BEGIN PROVIDED RECORDS

(* Let $G_n$ be a finite simple graph with a fully interconnected graph decomposition $(G_{n_1},\ldots,G_{n_k})$. For each $i\in\{1,\ldots,k\}$ let $\lambda_{i,1},\ldots,\lambda_{i,n_i-1}$ be eigenvalues of $L_{G_{n_i}}$ with real eigenvectors $\mathbf v_{i,1},\ldots,\mathbf v_{i,n_i-1}\in\mathbb R^{V(G_{n_i})}$ such that $\{\mathbf v_{i,1},\ldots,\mathbf v_{i,n_i-1},\tfrac{1}{\sqrt{n_i}}\mathbf 1_{n_i}\}$ is an orthonormal basis of $\mathbb R^{V(G_{n_i})}$. For $j=1,\ldots,k$ let $\alpha_j(1),\ldots,\alpha_j(k)\in\mathbb R$ and let $\mathbf x_j\in\mathbb R^{V(G_n)}$ be the vector with $\mathbf x_j(v)=\alpha_j(l)$ for $v\in V(G_{n_l})$; put $N_j=\sum_{l=1}^k n_l\alpha_j(l)^2$. Assume $\{\mathbf x_j/\sqrt{N_j}\}_{j=1}^k$ is orthonormal and $L_{G_n}\mathbf x_j=\nu_j\mathbf x_j$ for real numbers $\nu_1,\ldots,\nu_k$ (equivalently, $\overline{L}_{G_n}(\alpha_j(1),\ldots,\alpha_j(k))^T=\nu_j(\alpha_j(1),\ldots,\alpha_j(k))^T$). Then for all $t\ge0$: (1) If $x,y\in V(G_{n_i})$, then $$P^x_{G_n,t}(y)=P^x_{G_{n_i},t}(y)+\widetilde P_{i,t}-\frac1{n_i^2}-\frac2{n_i}\sum_{j=1}^{n_i-1}\mathbf v_{i,j}(x)\mathbf v_{i,j}(y)\cos(t\lambda_{i,j})+2\sum_{j=1}^{n_i-1}\sum_{j'=1}^k\frac{\mathbf v_{i,j}(x)\mathbf v_{i,j}(y)\alpha_{j'}(i)^2\cos\{t(\lambda_{i,j}+\widetilde d_i-\nu_{j'})\}}{N_{j'}},$$ where $$P^x_{G_{n_i},t}(y)=\sum_{j=1}^{n_i-1}\mathbf v_{i,j}(x)^2\mathbf v_{i,j}(y)^2+\frac1{n_i^2}+2\sum_{1\le j<j'\le n_i-1}\mathbf v_{i,j}(x)\mathbf v_{i,j}(y)\mathbf v_{i,j'}(x)\mathbf v_{i,j'}(y)\cos\{t(\lambda_{i,j}-\lambda_{i,j'})\}+\frac2{n_i}\sum_{j=1}^{n_i-1}\mathbf v_{i,j}(x)\mathbf v_{i,j}(y)\cos(t\lambda_{i,j})$$ is the transition probability of the CTQW on $G_{n_i}$ itself, and $$\widetilde P_{i,t}=\sum_{j=1}^k\frac{\alpha_j(i)^4}{N_j^2}+2\sum_{1\le j<j'\le k}\frac{\alpha_j(i)^2\alpha_{j'}(i)^2\cos\{t(\nu_j-\nu_{j'})\}}{N_jN_{j'}}.$$ (2) If $x\in V(G_{n_i})$ and $y\in V(G_{n_{i'}})$ with $i\ne i'$, then $$P^x_{G_n,t}(y)=\sum_{j=1}^k\frac{\alpha_j(i)^2\alpha_j(i')^2}{N_j^2}+2\sum_{1\le j<j'\le k}\frac{\alpha_j(i)\alpha_j(i')\alpha_{j'}(i)\alpha_{j'}(i')\cos\{t(\nu_j-\nu_{j'})\}}{N_jN_{j'}}.$$
   Context: For a finite simple graph $G$ with vertex set $V(G)$, $A_G$ is its adjacency matrix, $D_G$ the diagonal degree matrix, and $L_G=D_G-A_G$ its Laplacian. The continuous-time quantum walk (CTQW) on $G$ has evolution operator $U_{G,t}=e^{\sqrt{-1}\,tL_G}$ ($t\ge0$), and for $x,y\in V(G)$ the transition probability is $P^x_{G,t}(y)=|(U_{G,t})_{x,y}|^2$ (walker starting at $x$). A fully interconnected graph decomposition of a simple graph $G_n$ on $n$ vertices is a tuple $(G_{n_1},\ldots,G_{n_k})$ of induced subgraphs of $G_n$, $G_{n_i}$ having $n_i$ vertices, whose vertex sets partition $V(G_n)$, such that for every $i\ne j$ either every vertex of $G_{n_i}$ is adjacent to every vertex of $G_{n_j}$ (written $G_{n_i}\sim G_{n_j}$) or no vertex of $G_{n_i}$ is adjacent to any vertex of $G_{n_j}$. Set $\widetilde d_i=\sum_{j:\,G_{n_i}\sim G_{n_j}}n_j$. $\overline L_{G_n}$ is the $k\times k$ matrix with diagonal entries $\widetilde d_i$, $(i,j)$ entry $-n_j$ if $G_{n_i}\sim G_{n_j}$ ($i\neq j$), and $0$ otherwise. $\mathbf 1_m$ is the all-ones vector of length $m$; $\mathbf v(x)$ denotes the component of a vector at vertex $x$. *)

theory Defs
  imports "HOL-Analysis.Analysis"
begin

definition simple_graph :: "'a set \<Rightarrow> ('a \<Rightarrow> 'a \<Rightarrow> bool) \<Rightarrow> bool" where
  "simple_graph V E \<longleftrightarrow> finite V \<and> (\<forall>x y. E x y \<longrightarrow> x \<in> V \<and> y \<in> V)
     \<and> (\<forall>x y. E x y \<longrightarrow> E y x) \<and> (\<forall>x. \<not> E x x)"

text \<open>Laplacian L = D - A of the (induced) graph on vertex set W with edge relation E;
  only entries with both indices in W are meaningful.\<close>
definition laplacian :: "'a set \<Rightarrow> ('a \<Rightarrow> 'a \<Rightarrow> bool) \<Rightarrow> 'a \<Rightarrow> 'a \<Rightarrow> real" where
  "laplacian W E x y =
     (if x = y then real (card {z \<in> W. E x z}) else if E x y then -1 else 0)"

fun mat_pow :: "'a set \<Rightarrow> ('a \<Rightarrow> 'a \<Rightarrow> real) \<Rightarrow> nat \<Rightarrow> 'a \<Rightarrow> 'a \<Rightarrow> real" where
  "mat_pow W A 0 x y = (if x = y then 1 else 0)"
| "mat_pow W A (Suc m) x y = (\<Sum>z\<in>W. A x z * mat_pow W A m z y)"

definition ctqw_op :: "'a set \<Rightarrow> ('a \<Rightarrow> 'a \<Rightarrow> bool) \<Rightarrow> real \<Rightarrow> 'a \<Rightarrow> 'a \<Rightarrow> complex" where
  "ctqw_op W E t x y =
     (\<Sum>m. (\<i> * complex_of_real t) ^ m / of_nat (fact m)
            * complex_of_real (mat_pow W (laplacian W E) m x y))"

definition ctqw_prob :: "'a set \<Rightarrow> ('a \<Rightarrow> 'a \<Rightarrow> bool) \<Rightarrow> real \<Rightarrow> 'a \<Rightarrow> 'a \<Rightarrow> real" where
  "ctqw_prob W E t x y = (cmod (ctqw_op W E t x y))^2"

definition parts_adj :: "('a \<Rightarrow> 'a \<Rightarrow> bool) \<Rightarrow> (nat \<Rightarrow> 'a set) \<Rightarrow> nat \<Rightarrow> nat \<Rightarrow> bool" where
  "parts_adj E P i j \<longleftrightarrow> (\<forall>x\<in>P i. \<forall>y\<in>P j. E x y)"

text \<open>Fully interconnected graph decomposition (P 1, ..., P k) of (V,E), parts given by
  their (nonempty) vertex sets; the parts are the induced subgraphs on these sets.\<close>
definition fully_interconnected_decomp ::
  "'a set \<Rightarrow> ('a \<Rightarrow> 'a \<Rightarrow> bool) \<Rightarrow> nat \<Rightarrow> (nat \<Rightarrow> 'a set) \<Rightarrow> bool" where
  "fully_interconnected_decomp V E k P \<longleftrightarrow>
     (\<forall>i\<in>{1..k}. P i \<noteq> {} \<and> P i \<subseteq> V)
     \<and> (\<Union>i\<in>{1..k}. P i) = V
     \<and> (\<forall>i\<in>{1..k}. \<forall>j\<in>{1..k}. i \<noteq> j \<longrightarrow> P i \<inter> P j = {})
     \<and> (\<forall>i\<in>{1..k}. \<forall>j\<in>{1..k}. i \<noteq> j \<longrightarrow>
          parts_adj E P i j \<or> (\<forall>x\<in>P i. \<forall>y\<in>P j. \<not> E x y))"

definition dtilde :: "('a \<Rightarrow> 'a \<Rightarrow> bool) \<Rightarrow> nat \<Rightarrow> (nat \<Rightarrow> 'a set) \<Rightarrow> nat \<Rightarrow> real" where
  "dtilde E k P i = (\<Sum>j\<in>{j\<in>{1..k}. j \<noteq> i \<and> parts_adj E P i j}. real (card (P j)))"

end

theory Submission
  imports Defs "Jordan_Normal_Form.Determinant"
begin

(* The continuous-time quantum walk is computed spectrally: whenever a family of
   real eigenvectors of a Laplacian resolves the identity on the vertex set, every power of
   the Laplacian, and hence the exponential series defining U_t, is the corresponding
   combination of eigenvalue powers, resp. of the phases exp(i t mu).  The transition
   probability is then the squared modulus of a real-weighted sum of phases, which expands
   into cosines of phase differences.

   For the whole graph such an eigenbasis is assembled from the data of the theorem:
   (a) an eigenvector of a part G_{n_i} orthogonal to the constant vector, extended by zero,
       is an eigenvector of L_{G_n} with eigenvalue shifted by d~_i (every vertex outside the
       part is adjacent to all or none of its vertices, and the vector sums to zero);
   (b) the normalized quotient vectors X_j / sqrt N_j are eigenvectors by assumption.
   Completeness of (a) and (b) together follows from completeness of the basis inside each
   part and from orthonormality of the columns of the orthogonal k x k matrix
   alpha_j(l) sqrt(n_l / N_j). *)

section \<open>Spectral calculus for the quantum walk\<close>

text \<open>Two families are allowed so that the two kinds of eigenvectors
  arising below need not be merged into one index type.\<close>
lemma mat_pow_spectral:
  fixes M :: "'a \<Rightarrow> 'a \<Rightarrow> real" and u :: "'b \<Rightarrow> 'a \<Rightarrow> real" and w :: "'c \<Rightarrow> 'a \<Rightarrow> real"
  assumes eig_u: "\<forall>a\<in>A. \<forall>x\<in>W. (\<Sum>z\<in>W. M x z * u a z) = mu a * u a x"
    and eig_w: "\<forall>d\<in>D. \<forall>x\<in>W. (\<Sum>z\<in>W. M x z * w d z) = rho d * w d x"
    and resolution: "\<forall>x\<in>W. \<forall>y\<in>W.
          (\<Sum>a\<in>A. u a x * u a y) + (\<Sum>d\<in>D. w d x * w d y) = (if x = y then 1 else 0)"
    and x: "x \<in> W" and y: "y \<in> W"
  shows "mat_pow W M m x y = (\<Sum>a\<in>A. mu a ^ m * u a x * u a y) + (\<Sum>d\<in>D. rho d ^ m * w d x * w d y)"
  using x
proof (induction m arbitrary: x)
  case 0
  then show ?case using resolution y by simp
next
  case (Suc m)
  have "mat_pow W M (Suc m) x y
      = (\<Sum>z\<in>W. M x z * ((\<Sum>a\<in>A. mu a ^ m * u a z * u a y) + (\<Sum>d\<in>D. rho d ^ m * w d z * w d y)))"
    using Suc.IH by simp
  also have "\<dots> = (\<Sum>a\<in>A. mu a ^ m * u a y * (\<Sum>z\<in>W. M x z * u a z))
                 + (\<Sum>d\<in>D. rho d ^ m * w d y * (\<Sum>z\<in>W. M x z * w d z))"
    by (simp add: distrib_left sum.distrib sum_distrib_left sum_distrib_right sum.swap[of _ W] mult_ac)
  also have "\<dots> = (\<Sum>a\<in>A. mu a ^ Suc m * u a x * u a y) + (\<Sum>d\<in>D. rho d ^ Suc m * w d x * w d y)"
    using eig_u eig_w Suc.prems by (simp add: mult_ac)
  finally show ?case .
qed

text \<open>The exponential series of the scalar i t mu, written as in the definition of ctqw_op.\<close>
lemma exp_series_sums:
  "(\<lambda>m. (\<i> * complex_of_real t) ^ m / of_nat (fact m) * complex_of_real (mu ^ m))
     sums exp (\<i> * complex_of_real (t * mu))"
proof -
  have "(\<lambda>m. (\<i> * complex_of_real (t * mu)) ^ m /\<^sub>R fact m) sums exp (\<i> * complex_of_real (t * mu))"
    by (rule exp_converges)
  moreover have "\<And>m. (\<i> * complex_of_real (t * mu)) ^ m /\<^sub>R fact m
      = (\<i> * complex_of_real t) ^ m / of_nat (fact m) * complex_of_real (mu ^ m)"
    by (simp add: scaleR_conv_of_real power_mult_distrib field_simps)
  ultimately show ?thesis by simp
qed

lemma ctqw_op_spectral:
  fixes u :: "'b \<Rightarrow> 'a \<Rightarrow> real" and w :: "'c \<Rightarrow> 'a \<Rightarrow> real"
  assumes "finite A" and "finite D"
    and eig_u: "\<forall>a\<in>A. \<forall>x\<in>W. (\<Sum>z\<in>W. laplacian W E x z * u a z) = mu a * u a x"
    and eig_w: "\<forall>d\<in>D. \<forall>x\<in>W. (\<Sum>z\<in>W. laplacian W E x z * w d z) = rho d * w d x"
    and resolution: "\<forall>x\<in>W. \<forall>y\<in>W.
          (\<Sum>a\<in>A. u a x * u a y) + (\<Sum>d\<in>D. w d x * w d y) = (if x = y then 1 else 0)"
    and x: "x \<in> W" and y: "y \<in> W"
  shows "ctqw_op W E t x y
           = (\<Sum>a\<in>A. complex_of_real (u a x * u a y) * exp (\<i> * complex_of_real (t * mu a)))
           + (\<Sum>d\<in>D. complex_of_real (w d x * w d y) * exp (\<i> * complex_of_real (t * rho d)))"
proof -
  let ?c = "\<lambda>m. (\<i> * complex_of_real t) ^ m / of_nat (fact m)"
  have "?c m * complex_of_real (mat_pow W (laplacian W E) m x y)
     = (\<Sum>a\<in>A. complex_of_real (u a x * u a y) * (?c m * complex_of_real (mu a ^ m)))
     + (\<Sum>d\<in>D. complex_of_real (w d x * w d y) * (?c m * complex_of_real (rho d ^ m)))" for m
    unfolding mat_pow_spectral[OF eig_u eig_w resolution x y]
    by (simp add: distrib_left sum_distrib_left mult_ac)
  then have "(\<lambda>m. ?c m * complex_of_real (mat_pow W (laplacian W E) m x y)) sums
      ((\<Sum>a\<in>A. complex_of_real (u a x * u a y) * exp (\<i> * complex_of_real (t * mu a)))
     + (\<Sum>d\<in>D. complex_of_real (w d x * w d y) * exp (\<i> * complex_of_real (t * rho d))))"
    by (simp only:) (intro sums_add sums_sum sums_mult exp_series_sums)
  then show ?thesis unfolding ctqw_op_def by (rule sums_unique[symmetric])
qed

END PROVIDED RECORDS

ASSIGNED TASK —
All lines from the one containing "then show ?thesis" through the end of the listing must be transcribed exactly. No other lines belong in the answer.

RESULT OF THE EXERCISE —
  then show ?thesis unfolding ctqw_op_def by (rule sums_unique[symmetric])
qed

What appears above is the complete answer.